You may think you are being clever, but you may only be obscure. A insight doesn't need to be buried under cleverness.

So many times at writer's group, someone will write a passage that doesn't make sense. "What does that mean?" I ask.

The writer then proceeds to tell me verbally exactly what they mean, and it almost always much better than what they put on the page.

Now--telling people how they should feel is something different. If the actions and words are clear, then they should evoke the emotion you're shooting for. But the showing must be clear.

I also think clever writing is often distracting. The more I write, the more I believe writing is about story, and if the story is good, the clearer you can tell it, the better.

Artistic flourishes come naturally, feel part of the story.
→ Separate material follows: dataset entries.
lemma child_index_bounds:
  assumes "q \<in> nodes t" "butlast q = p" "q \<noteq> []" "q \<notin> borders"
  shows "last q \<notin> {a - 1, a + g} \<and> last q < length cs"
proof -
  have q: "q = p @ [last q]" using assms(2,3) by (metis append_butlast_last_id)
  then have "last q < length cs" using assms(1) subt_below_p[of "[last q]"] by (auto simp: nodes_def split: if_splits)
  then show ?thesis using assms(4) q by auto
qed

lemma shift_leftmost:
  assumes "q \<in> nodes t" "j < m"
  shows "leftmost pumped (shift j q) = leftmost t q"
proof (cases "butlast q = p \<and> q \<noteq> []")
  case True
  then show ?thesis using shift_node[OF assms] shift_child[of q j] pump_index_eq_0_iff[OF a_pos] assms(1)
    by (simp add: leftmost_def)
next
  case False
  then show ?thesis using shift_node[OF assms] last_shift[of q j] shift_eq_Nil_iff[of j q] assms(1)
    by (auto simp: leftmost_def)
qed

lemma shift_rightmost:
  assumes q: "q \<in> nodes t" and j: "j < m" and b: "q \<notin> borders"
  shows "rightmost pumped (shift j q) = rightmost t q"
proof (cases "butlast q = p \<and> q \<noteq> []")
  case True
  have "(Suc (pump_index a g m j (last q)) = length cs + m * (g + 1) - g) = (Suc (last q) = length cs)"
    by (rule pump_index_last_iff[OF j]) (use child_index_bounds[OF q _ _ b] True block_in_kids in auto)
  then show ?thesis using shift_node[OF q j] shift_child[of q j] True q
      nchildren_p nchildren_pumped_p length_pumped_kids
    by (auto simp: rightmost_def)
next
  case False
  show ?thesis
  proof (cases "q = []")
    case True then show ?thesis using shift_node[OF q j] by (simp add: rightmost_def shift_def Nil_in_nodes)
  next
    case qne: False
    then have "butlast q \<noteq> p" using False by blast
    then show ?thesis using shift_node[OF q j] shift_node[OF butlast_in_nodes[OF q] j] last_shift[of q j] qne
        shift_eq_Nil_iff[of j q] q
      by (simp add: rightmost_def butlast_shift)
  qed
qed

lemma shift_same_parent:
  "j < m \<Longrightarrow> (butlast (shift j q1) = butlast (shift j q2)) = (butlast q1 = butlast q2)"
  using inj_shift by (simp add: butlast_shift[symmetric] inj_eq)

lemma shift_sib_succ:
  assumes q1: "q1 \<in> nodes t" "q1 \<notin> borders" and q2: "q2 \<in> nodes t" "q2 \<notin> borders" and j: "j < m"
  shows "sib_succ pumped (shift j q1) (shift j q2) = sib_succ t q1 q2"
proof (cases "butlast q1 = p \<and> q1 \<noteq> [] \<and> butlast q2 = p \<and> q2 \<noteq> []")
  case True
  have "(pump_index a g m j (last q2) = Suc (pump_index a g m j (last q1))) = (last q2 = Suc (last q1))"
    by (rule pump_index_Suc_iff[OF j a_pos g_pos]) (use child_index_bounds q1 q2 True in auto)
  then show ?thesis using shift_node[OF q1(1) j] shift_node[OF q2(1) j] shift_child[of q1 j] shift_child[of q2 j]
      True q1 q2
    by (auto simp: sib_succ_def)
next
  case False
  then show ?thesis using shift_node[OF q1(1) j] shift_node[OF q2(1) j] q1 q2 shift_same_parent[OF j]
      last_shift[of q1 j] last_shift[of q2 j] shift_eq_Nil_iff[of j q1] shift_eq_Nil_iff[of j q2]
    by (auto simp: sib_succ_def)
qed

lemma shift_sib_le:
  assumes q1: "q1 \<in> nodes t" and q2: "q2 \<in> nodes t" and j: "j < m"
  shows "sib_le pumped (shift j q1) (shift j q2) = sib_le t q1 q2"
proof -
  have eq: "(shift j q1 = shift j q2) = (q1 = q2)" using inj_shift[OF j] by (simp add: inj_eq)
  show ?thesis
  proof (cases "butlast q1 = p \<and> q1 \<noteq> [] \<and> butlast q2 = p \<and> q2 \<noteq> []")
    case True
    then show ?thesis using shift_node[OF q1 j] shift_node[OF q2 j] shift_child[of q1 j] shift_child[of q2 j]
        q1 q2 eq pump_index_le_iff[OF j]
      by (auto simp: sib_le_def)
  next
    case False
    then show ?thesis using shift_node[OF q1 j] shift_node[OF q2 j] q1 q2 shift_same_parent[OF j] eq
        last_shift[of q1 j] last_shift[of q2 j] shift_eq_Nil_iff[of j q1] shift_eq_Nil_iff[of j q2]
      by (auto simp: sib_le_def)
  qed
qed

lemma shift_embedding:
  assumes ws: "set ws \<subseteq> nodes t" and b: "borders \<inter> skeleton ws = {}" and j: "j < m"
  shows "skeleton_embedding t pumped ws (shift j)"
proof -
  have q: "q \<in> nodes t \<and> q \<notin> borders" if "q \<in> skeleton ws" for q
    using that skeleton_subset_nodes[OF ws] b by blast
  show ?thesis
  proof
    show "shift j [] = []" by (simp add: shift_def)
    show "inj_on (shift j) (skeleton ws)" using inj_shift[OF j] by (rule inj_on_subset) simp
  qed (use q shift_node[OF _ j] shift_leftmost[OF _ j] shift_rightmost[OF _ j] shift_sib_succ[OF _ _ _ _ j]
      shift_sib_le[OF _ _ j] in \<open>auto simp: shift_eq_Nil_iff butlast_shift\<close>)
qed

lemma pumped_in_lang: assumes "t \<in> lang R r" shows "pumped \<in> lang R r"
proof -
  have gt: "gen R t" and rt: "root_lab t = r" using assms by (auto simp: lang_def)
  have "3 \<le> length cs" using block_in_kids a_pos g_pos by linarith
  then obtain c where "Star b c \<in> R" and "\<forall>s\<in>set cs. gen R s \<and> root_lab s = c"
    using gen_three_children_Star[OF gen_subt[OF gt subt_p]] by blast
  then have "gen R (Nd b pumped_kids)" using set_pumped_kids by (auto intro!: gen_star)
  then have "gen R pumped" unfolding pumped_def by (rule gen_replace_subt[OF gt subt_p]) simp
  moreover have "root_lab pumped = r"
  proof (cases "p = []")
    case True
    then have "t = Nd b cs" using subt_p by simp
    then show ?thesis unfolding pumped_def using rt True by simp
  qed (use rt in \<open>simp add: pumped_def root_lab_replace_subt\<close>)
  ultimately show ?thesis by (simp add: lang_def)
qed
(* Let $X$ be a path-connected topological space, $Y\subset X$, $G$ a group, and $\mathcal{U}$ an open covering of $X$. Then the restriction map $Z^1(X,Y)\to Z^1_{\mathcal{U}}(X,Y)$ (restricting a cocycle from $P(X)$ to the set $P_{\mathcal{U}}(X)$ of short paths) is a bijection, and the induced map $H^1(X,Y)\to H^1_{\mathcal{U}}(X,Y)$ is a bijection.
   Context: Conventions: $I=[0,1]$; a path in $W$ is a continuous map $I\to W$; $P(W)$ is the set of all paths. For $p(1)=q(0)$, $p\cdot q$ is concatenation. Homotopies of paths are relative to $\{0,1\}$; $p\sim q$ means homotopic. $G$ has unit $1$. A $0$-cochain of $(X,Y)$ is a map $c\colon X\to G$ with $c|_Y=1$; they form a group $C^0(X,Y)$ under pointwise multiplication. A $1$-cochain is a map $u\colon P(X)\to G$ with $u(p)=1$ for paths $p$ with image in $Y$; a cocycle additionally satisfies $u(p)=u(q)$ if $p\sim q$ and $u(p\cdot q)=u(p)u(q)$ when $p\cdot q$ is defined; $Z^1(X,Y)$ is the set of cocycles; $C^0(X,Y)$ acts by $(c\bullet u)(p)=c(p(0))u(p)c(p(1))^{-1}$, and $H^1(X,Y)$ is the orbit set. Short versions: a path $p$ is short if $p(I)\subset U$ for some $U\in\mathcal{U}$; a homotopy $I\times[0,1]\to X$ is short if its image lies in some $U\in\mathcal{U}$. $P_{\mathcal{U}}(X)$ is the set of short paths. A short $1$-cochain is a map $u\colon P_{\mathcal{U}}(X)\to G$ with $u(p)=1$ for short paths $p$ with image in $Y$. It is a short cocycle if $u(p)=u(q)$ whenever there is a short homotopy relative to $\{0,1\}$ between $p$ and $q$, and $u(p\cdot q)=u(p)u(q)$ whenever $p\cdot q$ is defined and short. $Z^1_{\mathcal{U}}(X,Y)$ is the set of short cocycles; $C^0(X,Y)$ acts on it by the same formula, and $H^1_{\mathcal{U}}(X,Y)$ is the set of orbits. *)

theory Defs
  imports "HOL-Analysis.Analysis" "HOL-Algebra.Group"
begin

definition paths_of :: "'a topology \<Rightarrow> (real \<Rightarrow> 'a) set" where
  "paths_of X = {p. pathin X p}"

text \<open>Concatenation of paths (same formula as the library's joinpaths, without type class).\<close>
definition pjoin :: "(real \<Rightarrow> 'a) \<Rightarrow> (real \<Rightarrow> 'a) \<Rightarrow> real \<Rightarrow> 'a" where
  "pjoin p q = (\<lambda>t. if t \<le> 1/2 then p (2 * t) else q (2 * t - 1))"

definition phomotopic :: "'a topology \<Rightarrow> (real \<Rightarrow> 'a) \<Rightarrow> (real \<Rightarrow> 'a) \<Rightarrow> bool" where
  "phomotopic X p q =
     homotopic_with (\<lambda>r. r 0 = p 0 \<and> r 1 = p 1) (top_of_set {0..1}) X p q"

definition short_paths :: "'a topology \<Rightarrow> 'a set set \<Rightarrow> (real \<Rightarrow> 'a) set" where
  "short_paths X \<U> = {p. pathin X p \<and> (\<exists>U\<in>\<U>. p ` {0..1} \<subseteq> U)}"

definition short_homotopic :: "'a topology \<Rightarrow> 'a set set \<Rightarrow> (real \<Rightarrow> 'a) \<Rightarrow> (real \<Rightarrow> 'a) \<Rightarrow> bool" where
  "short_homotopic X \<U> p q =
     (\<exists>U\<in>\<U>. homotopic_with (\<lambda>r. r 0 = p 0 \<and> r 1 = p 1) (top_of_set {0..1}) (subtopology X U) p q)"

definition cochains0 :: "'a topology \<Rightarrow> 'a set \<Rightarrow> ('g, 'b) monoid_scheme \<Rightarrow> ('a \<Rightarrow> 'g) set" where
  "cochains0 X Y G = {c. c \<in> extensional (topspace X) \<and> (\<forall>x\<in>topspace X. c x \<in> carrier G)
                         \<and> (\<forall>y\<in>Y. c y = \<one>\<^bsub>G\<^esub>)}"

definition cocycles1 :: "'a topology \<Rightarrow> 'a set \<Rightarrow> ('g, 'b) monoid_scheme \<Rightarrow> ((real \<Rightarrow> 'a) \<Rightarrow> 'g) set" where
  "cocycles1 X Y G = {u. u \<in> extensional (paths_of X)
      \<and> (\<forall>p\<in>paths_of X. u p \<in> carrier G)
      \<and> (\<forall>p\<in>paths_of X. p ` {0..1} \<subseteq> Y \<longrightarrow> u p = \<one>\<^bsub>G\<^esub>)
      \<and> (\<forall>p\<in>paths_of X. \<forall>q\<in>paths_of X. phomotopic X p q \<longrightarrow> u p = u q)
      \<and> (\<forall>p\<in>paths_of X. \<forall>q\<in>paths_of X. p 1 = q 0 \<longrightarrow> u (pjoin p q) = u p \<otimes>\<^bsub>G\<^esub> u q)}"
The thing I'm trying to learn now is to eliminate everything that doesn't show character or advance the story. (Vonnegut Rule #4). Straightforward, here is what happened.

Dave Cline said...

A serendipitous moment. Got this from a meetup email today:

"Great short stories and great jokes have a lot in common. Both depend on what communication-theorists sometimes call “exformation,” which is a certain quantity of vital information removed from but evoked by a communication in such a way as to cause a kind of explosion of associative connections within the recipient. – David Foster Wallace "

In code you would want no exformation, nothing implied, everything explicit. I think that's what I was trying to get at.